Faster way to replace elements in a np.array

Question

Lets say M is a very large 2D numpy.array that its elements can only be 5 different integers (-4, -2, 0, 2, 4). I want to calculate np.exp(M). Is there a faster way to do this than using the above function exploiting the fact that the matrix contains only a very small number of different elements?

Answer 1

Building on the answer mentioned by @alkasm, you can use a look-up table (LUT), as long as you can transform the input matrix into a matrix of non-negative integers, since they are used as indices into the LUT. In your case:

import numpy as np

M = np.array([[-4, -2,  0],
              [-2,  0,  2],
              [ 0,  2,  4]])

lut = np.exp(np.arange(-4, 4+1))

E = lut[M + 4]

print(f"M:\n{M}\nlut:\n{lut}\nE:\n{E}")

# M:
# [[-4 -2  0]
#  [-2  0  2]
#  [ 0  2  4]]
# lut:
# [1.83156389e-02 4.97870684e-02 1.35335283e-01 3.67879441e-01
#  1.00000000e+00 2.71828183e+00 7.38905610e+00 2.00855369e+01
#  5.45981500e+01]
# E:
# [[1.83156389e-02 1.35335283e-01 1.00000000e+00]
#  [1.35335283e-01 1.00000000e+00 7.38905610e+00]
#  [1.00000000e+00 7.38905610e+00 5.45981500e+01]]

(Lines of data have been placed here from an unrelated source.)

subsection \<open>Edge-disjoint leaf-to-leaf paths\<close>

lemma is_path_interior_not_leaf:
  assumes "graph V E" "is_path V E p" "0 < i" "i < length p - 1"
  shows "p ! i \<notin> leaves V E"
proof
  assume leaf: "p ! i \<in> leaves V E"
  obtain k where k: "i = Suc k" using assms(3) by (cases i) auto
  have dist: "distinct p" and steps: "\<And>j. Suc j < length p \<Longrightarrow> {p ! j, p ! Suc j} \<in> E"
    using assms(2) by (auto simp: is_path_def adj_def)
  have e1: "{p ! k, p ! i} \<in> E" using steps[of k] k assms(4) by auto
  have e2: "{p ! i, p ! Suc i} \<in> E" using steps[of i] assms(4) by auto
  have "p ! k \<noteq> p ! Suc i" "p ! k \<noteq> p ! i"
    using dist k assms(4) by (simp_all add: nth_eq_iff_index_eq)
  then have ne: "{p ! k, p ! i} \<noteq> {p ! i, p ! Suc i}" by (auto simp: doubleton_eq_iff)
  have "{{p ! k, p ! i}, {p ! i, p ! Suc i}} \<subseteq> {e \<in> E. p ! i \<in> e}" using e1 e2 by auto
  moreover have "finite {e \<in> E. p ! i \<in> e}" using graph_finite_edges[OF assms(1)] by auto
  ultimately have "card {{p ! k, p ! i}, {p ! i, p ! Suc i}} \<le> degree E (p ! i)"
    unfolding degree_def by (rule card_mono[rotated])
  then have "2 \<le> degree E (p ! i)" using ne by simp
  then show False using leaf by (simp add: leaves_def)
qed

lemma leaf_to_leaf_pathI:
  assumes "graph V E" "is_path V E p" "2 \<le> length p" "hd p \<in> leaves V E" "last p \<in> leaves V E"
  shows "leaf_to_leaf_path V E p"
  unfolding leaf_to_leaf_path_def using assms is_path_interior_not_leaf[OF assms(1,2)] by blast

lemma side_leaf_paths:
  assumes bt: "binary_phylo_tree V E X" and cd: "{c,d} \<in> E" "3 \<le> degree E d"
    and z: "z \<in> X" "z \<in> side E c d"
  obtains P where "finite P" "\<And>p. p \<in> P \<Longrightarrow> leaf_to_leaf_path V E p \<and> set p \<subseteq> side E c d"
    "disjoint_family_on path_edges P" "\<exists>p\<in>P. endpoint z p"
    "card (X \<inter> side E c d) \<le> 2 * card P + 1"
proof -
  have tr: "is_tree V E" and lv: "leaves V E = X" and nd2: "\<forall>v\<in>V. degree E v \<noteq> 2"
    using bt by (auto simp: binary_phylo_tree_def)
  have g: "graph V E" using tr by (simp add: is_tree_def)
  let ?L = "X \<inter> side E c d"
  obtain l where l: "l \<in> ?L" "l \<noteq> z" using side_has_other_leaf[OF tr nd2 cd, of z] lv by blast
  have XV: "X \<subseteq> V" using lv by (auto simp: leaves_def)
  then have finL: "finite ?L" using g by (auto simp: graph_def finite_subset)
  define S where "S = (if even (card ?L) then ?L else ?L - {l})"
  have S: "S \<subseteq> ?L" "z \<in> S" using l z by (auto simp: S_def)
  have "card ?L - 1 = card (?L - {l})" using l(1) finL by (simp add: card_Diff_singleton)
  then have cardS: "even (card S)" "card ?L \<le> card S + 1" unfolding S_def using l(1) finL
    by (auto simp: card_gt_0_iff)
  have "S \<subseteq> V" using S(1) XV by blast
  then obtain P where P: "path_pairing V E S P" using even_set_path_pairing[OF tr _ cardS(1)] by blast
  have "leaf_to_leaf_path V E p \<and> set p \<subseteq> side E c d" if "p \<in> P" for p
  proof -
    have "is_path V E p" "2 \<le> length p" "path_ends p \<subseteq> S"
      using P that unfolding path_pairing_def by blast+
    moreover have "hd p \<in> path_ends p" "last p \<in> path_ends p" by (simp_all add: path_ends_def)
    ultimately have "is_path V E p" "2 \<le> length p" "hd p \<in> ?L" "last p \<in> ?L" using S(1) by blast+
    then show ?thesis using lv leaf_to_leaf_pathI[OF g] is_path_in_side[OF tr cd(1)] by blast
  qed
  moreover have "\<exists>p\<in>P. endpoint z p"
    using P S(2) unfolding path_pairing_def endpoint_iff_in_path_ends by blast
  moreover have "card ?L \<le> 2 * card P + 1" using path_pairing_card[OF P] cardS(2) by linarith
  ultimately show ?thesis using that P unfolding path_pairing_def by blast
qed

lemma separating_edge:
  assumes bt: "binary_phylo_tree V E X" and "3 \<le> card X"
    and xy: "x \<in> X" "y \<in> X" "x \<noteq> y" "\<not> cherry E x y"
  obtains u a where "{u,a} \<in> E" "3 \<le> degree E u" "3 \<le> degree E a"
    "x \<in> side E a u" "y \<in> side E u a"
proof -
  have tr: "is_tree V E" and lv: "leaves V E = X" and dg: "\<forall>v\<in>V. degree E v \<noteq> 2"
    using bt by (auto simp: binary_phylo_tree_def)
  have g: "graph V E" and conn: "connected_graph V E" and finV: "finite V"
    using tr by (auto simp: is_tree_def graph_def)
  have XV: "X \<subseteq> V" using lv by (auto simp: leaves_def)
  have leaf_degree: "degree E v = 1" if "v \<in> X" for v using that lv by (auto simp: leaves_def)
  have inner_degree: "3 \<le> degree E v" if "{w,v} \<in> E" "v \<notin> X" for v w
  proof -
    have "v \<in> V" using that(1) g by (auto simp: graph_def)
    then have "degree E v \<noteq> 1" "degree E v \<noteq> 2" using that(2) lv dg by (auto simp: leaves_def)
    moreover have "0 < degree E v" using degree_pos_if_edge[OF graph_finite_edges[OF g] that(1)] .
    ultimately show ?thesis by linarith
  qed
  obtain u where xu: "{x,u} \<in> E" and "u \<noteq> x" using degree_one_edge[OF g leaf_degree[OF xy(1)]] by blast
  have ux: "{u,x} \<in> E" using xu by (simp add: insert_commute)
  have u_inner: "u \<notin> X"
  proof
    assume "u \<in> X"
    then have "V \<subseteq> {u,x}"
      using vertices_subset_sides[OF g conn xu] side_eq_singleton_if_leaf[OF leaf_degree xu]
        side_eq_singleton_if_leaf[OF leaf_degree[OF xy(1)] ux] by auto
    then have "card X \<le> card {u,x}" using XV finV by (meson card_mono finite_insert finite.emptyI order_trans)
    also have "\<dots> \<le> 2" by (simp add: card_insert_le_m1)
    finally show False using assms(2) by simp
  qed
  have "u \<in> V" "y \<in> V" "y \<noteq> u" using xu g XV xy(2) u_inner by (auto simp: graph_def)
  then obtain a where "adj E u a" and ya: "y \<in> side E u a" using exists_neighbour_side[OF conn] by blast
  then have ua: "{u,a} \<in> E" by (simp add: adj_def)
  have "a \<noteq> x" using ya xy(3) side_eq_singleton_if_leaf[OF leaf_degree[OF xy(1)] ux] by auto
  have a_inner: "a \<notin> X"
  proof
    assume "a \<in> X"
    then have "y = a" using ya side_eq_singleton_if_leaf[OF leaf_degree ua] by auto
    then have "cherry E x y" using xu ua unfolding cherry_def adj_def by (metis insert_commute)
    then show False using xy(4) by contradiction
  qed
  have "adj E u x" "{u,x} \<noteq> {a,u}" using ux \<open>a \<noteq> x\<close> \<open>u \<noteq> x\<close> by (auto simp: adj_def doubleton_eq_iff)
  then have "x \<in> side E a u" using side_step[OF self_in_side[of u E a]] by blast
  then show ?thesis using that ua ya inner_degree[OF xu u_inner] inner_degree[OF ua a_inner] by blast
qed

lemma disjoint_family_on_path_edges_Un:
  assumes "\<And>p. p \<in> P \<Longrightarrow> set p \<subseteq> A" "\<And>p. p \<in> Q \<Longrightarrow> set p \<subseteq> B" "A \<inter> B = {}"
    and "disjoint_family_on path_edges P" "disjoint_family_on path_edges Q"
  shows "disjoint_family_on path_edges (P \<union> Q)"
proof -
  have cross: "path_edges p \<inter> path_edges p' = {}" if "p \<in> P" "p' \<in> Q" for p p'
  proof (intro equalityI subsetI)
    fix e assume e: "e \<in> path_edges p \<inter> path_edges p'"
    then have "e \<subseteq> set p" "e \<subseteq> set p'" using path_edges_subset_set by blast+
    then have "e \<subseteq> A \<inter> B" using assms(1)[OF that(1)] assms(2)[OF that(2)] by blast
    moreover have "e \<noteq> {}" using e by (auto simp: path_edges_def)
    ultimately show "e \<in> {}" using assms(3) by blast
  qed simp
  show ?thesis
    unfolding disjoint_family_on_def
  proof (intro ballI impI)
    fix p p' assume pp': "p \<in> P \<union> Q" "p' \<in> P \<union> Q" "p \<noteq> p'"
    then consider "p \<in> P" "p' \<in> P" | "p \<in> Q" "p' \<in> Q" | "p \<in> P" "p' \<in> Q" | "p \<in> Q" "p' \<in> P"
      by blast
    then show "path_edges p \<inter> path_edges p' = {}"
    proof cases
      case 4
      then show ?thesis using cross[of p' p] by (simp add: Int_commute)
    qed (use cross assms(4,5) pp'(3) disjoint_family_onD in metis)+
  qed
qed

lemma finite_indexing_from_two:
  assumes "finite A" "a \<in> A" "b \<in> A" "a \<noteq> b" "q \<le> card A"
  obtains f :: "nat \<Rightarrow> 'a" where "f 1 = a" "f 2 = b" "f ` {1..q} \<subseteq> A" "inj_on f {1..q}"
proof -
  obtain xs where xs: "set xs = A - {a,b}" "distinct xs" using assms(1) finite_distinct_list by blast
  let ?ys = "a # b # xs"
  have ys: "distinct ?ys" "set ?ys = A" using xs assms(2-4) by auto
  then have len: "length ?ys = card A" by (metis distinct_card)
  define f where "f i = ?ys ! (i - 1)" for i
  have "f ` {1..q} \<subseteq> A"
  proof
    fix z assume "z \<in> f ` {1..q}"
    then obtain i where "i \<in> {1..q}" "z = f i" by blast
    moreover from this have "i - 1 < length ?ys" using len assms(5) by auto
    ultimately show "z \<in> A" using ys(2) nth_mem unfolding f_def by metis
  qed
  moreover have "inj_on f {1..q}"
    using len assms(5) nth_eq_iff_index_eq[OF ys(1)] by (auto simp: f_def inj_on_def)
  moreover have "f 1 = a" "f 2 = b" by (simp_all add: f_def)
  ultimately show ?thesis using that by blast
qed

You could also use a smaller LUT like this:

lut = np.exp(np.arange(-4, 4+1, 2))

E = lut[M // 2 + 2]

but this trades 4 exponentiations for 9 integer divisions in my example, and 4 exponentiations for n×m integer divisions if M is an n×m matrix. If your matrices are bigger than 3×3, you better use the “long” LUT with unused indices.

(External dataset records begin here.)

text \<open>Features of the input x = <x_1,...,x_m> are identified with the indices 0..<m.
  Since f, x, epsilon, p (and delta) are fixed, the oracle checkValid(f, x, -) is modelled
  as a black-box predicate cv on sets of feature indices: cv S holds iff perturbing the
  features in S (keeping the others fixed) preserves the prediction.

  bsq cv Theta A B  runs binarySequential on the candidate list Theta with current global
  sets A (explanation) and B (irrelevant) and returns (A', B', number of checkValid calls).\<close>

function bsq :: "(nat set \<Rightarrow> bool) \<Rightarrow> nat list \<Rightarrow> nat set \<Rightarrow> nat set
                   \<Rightarrow> nat set \<times> nat set \<times> nat" where
  "bsq cv th A B =
    (if th = [] then (A, B, 0)
     else if length th = 1 then
       (if cv (B \<union> set th) then (A, B \<union> set th, 1) else (A \<union> set th, B, 1))
     else
       (let h = (length th + 1) div 2; phi = take h th; psi = drop h th in
        if cv (B \<union> set phi) then
          (let B' = B \<union> set phi in
           if cv (B' \<union> set psi) then (A, B' \<union> set psi, 2)
           else if length psi = 1 then (A \<union> set psi, B', 2)
           else (case bsq cv psi A B' of (A2, B2, c) \<Rightarrow> (A2, B2, c + 2)))
        else
          (case (if length phi = 1 then (A \<union> set phi, B, 0) else bsq cv phi A B) of
             (A1, B1, c1) \<Rightarrow>
               (case bsq cv psi A1 B1 of (A2, B2, c2) \<Rightarrow> (A2, B2, c1 + c2 + 1)))))"
  by pat_completeness auto
termination
  apply (relation "measure (\<lambda>(cv, th, A, B). length th)")
     apply auto
  subgoal for cv th B
  proof -
    assume "th \<noteq> []" "length th \<noteq> Suc 0"
    hence "length th \<ge> 2" by (cases th) (auto simp: Suc_le_eq)
    thus ?thesis by linarith
  qed
  done

definition binarySequential :: "(nat set \<Rightarrow> bool) \<Rightarrow> nat \<Rightarrow> nat set \<times> nat set \<times> nat" where
  "binarySequential cv m = bsq cv [0..<m] {} {}"

definition calls :: "(nat set \<Rightarrow> bool) \<Rightarrow> nat \<Rightarrow> nat" where
  "calls cv m = snd (snd (binarySequential cv m))"

definition k :: "nat \<Rightarrow> nat" where
  "k m = Max (range (\<lambda>cv. calls cv m))"

text \<open>Oracles arising from checkValid are downward closed: perturbing fewer features
  allows fewer perturbed inputs.\<close>
definition downward_closed :: "(nat set \<Rightarrow> bool) \<Rightarrow> bool" where
  "downward_closed cv \<longleftrightarrow> (\<forall>S T. cv T \<and> S \<subseteq> T \<longrightarrow> cv S)"

end

(* If the whole candidate set is irrelevant, both halves are accepted at once: two calls.
   Every call on at least two candidates checks the first half and then handles a nonempty
   second half, so it always costs at least two calls.  If every nonempty set of features
   changes the prediction, every half is rejected and the recursion runs through the entire
   halving tree; its cost worst_calls obeys the halving recurrence, and no oracle costs more,
   because accepting a first half spends one call instead of recursing into it.  Hence
   k = worst_calls, and the recurrences for k are those of worst_calls. *)

theory Submission
  imports Defs
begin

declare bsq.simps [simp del]

definition first_half :: "'a list \<Rightarrow> 'a list" where
  "first_half xs = take ((length xs + 1) div 2) xs"

definition second_half :: "'a list \<Rightarrow> 'a list" where
  "second_half xs = drop ((length xs + 1) div 2) xs"

lemma length_first_half [simp]: "length (first_half xs) = (length xs + 1) div 2"
  by (simp add: first_half_def)

lemma length_second_half [simp]: "length (second_half xs) = length xs div 2"
  by (simp add: second_half_def)

lemma length_halves_bounds:
  assumes "2 \<le> length xs"
  shows "0 < length (first_half xs)" "length (first_half xs) < length xs"
    and "0 < length (second_half xs)" "length (second_half xs) < length xs"
  using assms by auto

lemma set_first_half_Un_second_half: "set (first_half xs) \<union> set (second_half xs) = set xs"
  by (metis first_half_def second_half_def append_take_drop_id set_append)

lemma bsq_Nil: "bsq cv [] A B = (A, B, 0)"
  by (subst bsq.simps) simp

lemma bsq_singleton:
  "length th = 1 \<Longrightarrow>
   bsq cv th A B = (if cv (B \<union> set th) then (A, B \<union> set th, 1) else (A \<union> set th, B, 1))"
  by (subst bsq.simps) auto

lemma bsq_step:
  assumes "2 \<le> length th"
  shows "bsq cv th A B =
    (let phi = first_half th; psi = second_half th in
     if cv (B \<union> set phi) then
       (if cv (B \<union> set phi \<union> set psi) then (A, B \<union> set phi \<union> set psi, 2)
        else if length psi = 1 then (A \<union> set psi, B \<union> set phi, 2)
        else (case bsq cv psi A (B \<union> set phi) of (A2, B2, c) \<Rightarrow> (A2, B2, c + 2)))
     else
       (case (if length phi = 1 then (A \<union> set phi, B, 0) else bsq cv phi A B) of
          (A1, B1, c1) \<Rightarrow>
            (case bsq cv psi A1 B1 of (A2, B2, c2) \<Rightarrow> (A2, B2, c1 + c2 + 1))))"
proof -
  have "th \<noteq> []" "length th \<noteq> 1" using assms by auto
  then show ?thesis
    unfolding first_half_def second_half_def by (subst bsq.simps) (simp only: if_False Let_def)
qed

lemma bsq_accept_all:
  assumes "2 \<le> length th" "cv (B \<union> set (first_half th))" "cv (B \<union> set th)"
  shows "bsq cv th A B = (A, B \<union> set th, 2)"
proof -
  have halves: "B \<union> set (first_half th) \<union> set (second_half th) = B \<union> set th"
    using set_first_half_Un_second_half[of th] by blast
  show ?thesis unfolding bsq_step[OF assms(1)] Let_def halves using assms(2,3) by simp
qed

lemma bsq_accept_first_half:
  assumes "2 \<le> length th" "cv (B \<union> set (first_half th))" "\<not> cv (B \<union> set th)"
  shows "bsq cv th A B =
    (if length (second_half th) = 1 then (A \<union> set (second_half th), B \<union> set (first_half th), 2)
     else (case bsq cv (second_half th) A (B \<union> set (first_half th)) of
             (A2, B2, c) \<Rightarrow> (A2, B2, c + 2)))"
proof -
  have "B \<union> set (first_half th) \<union> set (second_half th) = B \<union> set th"
    using set_first_half_Un_second_half[of th] by blast
  then show ?thesis using assms unfolding bsq_step[OF assms(1)] Let_def by simp
qed

lemma bsq_reject_first_half:
  assumes "2 \<le> length th" "\<not> cv (B \<union> set (first_half th))"
  shows "bsq cv th A B =
    (case (if length (first_half th) = 1 then (A \<union> set (first_half th), B, 0)
           else bsq cv (first_half th) A B) of
       (A1, B1, c1) \<Rightarrow>
         (case bsq cv (second_half th) A1 B1 of (A2, B2, c2) \<Rightarrow> (A2, B2, c1 + c2 + 1)))"
  using assms unfolding bsq_step[OF assms(1)] Let_def by simp

abbreviation bsq_calls :: "(nat set \<Rightarrow> bool) \<Rightarrow> nat list \<Rightarrow> nat set \<Rightarrow> nat set \<Rightarrow> nat" where
  "bsq_calls cv th A B \<equiv> snd (snd (bsq cv th A B))"

lemma bsq_calls_accept_first_half:
  assumes "2 \<le> length th" "cv (B \<union> set (first_half th))" "\<not> cv (B \<union> set th)"
  shows "bsq_calls cv th A B =
    (if length (second_half th) = 1 then 2
     else bsq_calls cv (second_half th) A (B \<union> set (first_half th)) + 2)"
  using bsq_accept_first_half[of th cv B A, OF assms] by (simp split: prod.split)

lemma bsq_calls_reject_first_half:
  assumes "2 \<le> length th" "\<not> cv (B \<union> set (first_half th))"
  obtains A1 B1 where "bsq_calls cv th A B =
    (if length (first_half th) = 1 then 0 else bsq_calls cv (first_half th) A B)
    + bsq_calls cv (second_half th) A1 B1 + 1"
proof -
  obtain A1 B1 c1 where first: "(if length (first_half th) = 1 then (A \<union> set (first_half th), B, 0)
    else bsq cv (first_half th) A B) = (A1, B1, c1)"
    by (metis prod_cases3)
  then have "bsq_calls cv th A B = c1 + bsq_calls cv (second_half th) A1 B1 + 1"
    using bsq_reject_first_half[of th cv B A, OF assms] by (simp split: prod.split)
  moreover have "c1 = (if length (first_half th) = 1 then 0 else bsq_calls cv (first_half th) A B)"
    using first by (auto split: if_splits)
  ultimately show ?thesis using that by simp
qed

lemma min_length_le_bsq_calls: "min (length th) 2 \<le> bsq_calls cv th A B"
proof (induction "length th" arbitrary: th A B rule: less_induct)
  case less
  consider "length th \<le> 1" | "2 \<le> length th" by linarith
  then show ?case
  proof cases
    case 1
    then show ?thesis by (cases th) (auto simp: bsq_Nil bsq_singleton)
  next
    case 2
    let ?phi = "first_half th" and ?psi = "second_half th"
    have psi_calls: "1 \<le> bsq_calls cv ?psi A' B'" for A' B'
      using less.hyps[of ?psi A' B'] length_halves_bounds[OF 2] by linarith
    consider "cv (B \<union> set ?phi)" "cv (B \<union> set th)" | "cv (B \<union> set ?phi)" "\<not> cv (B \<union> set th)"
      | "\<not> cv (B \<union> set ?phi)"
      by blast
    then show ?thesis
    proof cases
      case 1
      then show ?thesis using 2 by (simp add: bsq_accept_all)
    next
      case 3
      obtain A1 B1 where "bsq_calls cv th A B =
        (if length ?phi = 1 then 0 else bsq_calls cv ?phi A B) + bsq_calls cv ?psi A1 B1 + 1"
        using bsq_calls_reject_first_half[of th cv B A, OF 2 3] .
      then show ?thesis using psi_calls[of A1 B1] by simp
    qed (simp add: 2 bsq_calls_accept_first_half)
  qed
qed

(* A rejected first half of length one joins the explanation without a call, so
   worst_calls 2 = 2 rather than 2 * worst_calls 1 + 1. *)
fun worst_calls :: "nat \<Rightarrow> nat" where
  "worst_calls 0 = 0"
| "worst_calls (Suc 0) = 1"
| "worst_calls (Suc (Suc 0)) = 2"
| "worst_calls n = worst_calls ((n + 1) div 2) + worst_calls (n div 2) + 1"

lemma worst_calls_step:
  assumes "2 \<le> n"
  shows "worst_calls n =
    (if (n + 1) div 2 = 1 then 0 else worst_calls ((n + 1) div 2)) + worst_calls (n div 2) + 1"
  using assms by (cases n rule: worst_calls.cases) auto

lemma le_worst_calls: "n \<le> worst_calls n"
  by (induction n rule: worst_calls.induct) auto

In cases, different from this one, where the indices are wider apart, using a “long” LUT but calculating only the used indices could be the best solution. The above example becomes:

import numpy as np
import math

M = np.array([[-4, -2,  0],
              [-2,  0,  2],
              [ 0,  2,  4]])

values = range(-4, 4+1, 2)  # or whatever integers can appear in your matrix

offset = -min(values)
span = max(values) + 1 + offset

lut = np.zeros(span)  # or, even faster, np.empty(span)

for x in values:
    lut[x + offset] = math.exp(x)  # or whatever your mapping is

E = lut[M + offset]

print(f"M:\n{M}\nlut:\n{lut}\nE:\n{E}")

# M:
# [[-4 -2  0]
#  [-2  0  2]
#  [ 0  2  4]]
# lut:
# [1.83156389e-02 0.00000000e+00 1.35335283e-01 0.00000000e+00
#  1.00000000e+00 0.00000000e+00 7.38905610e+00 0.00000000e+00
#  5.45981500e+01]
# E:
# [[1.83156389e-02 1.35335283e-01 1.00000000e+00]
#  [1.35335283e-01 1.00000000e+00 7.38905610e+00]
#  [1.00000000e+00 7.38905610e+00 5.45981500e+01]]

BTW, I also timed using np.take(lut, M) instead of lut[M] , and found no difference. There's no reason to use np.take() here.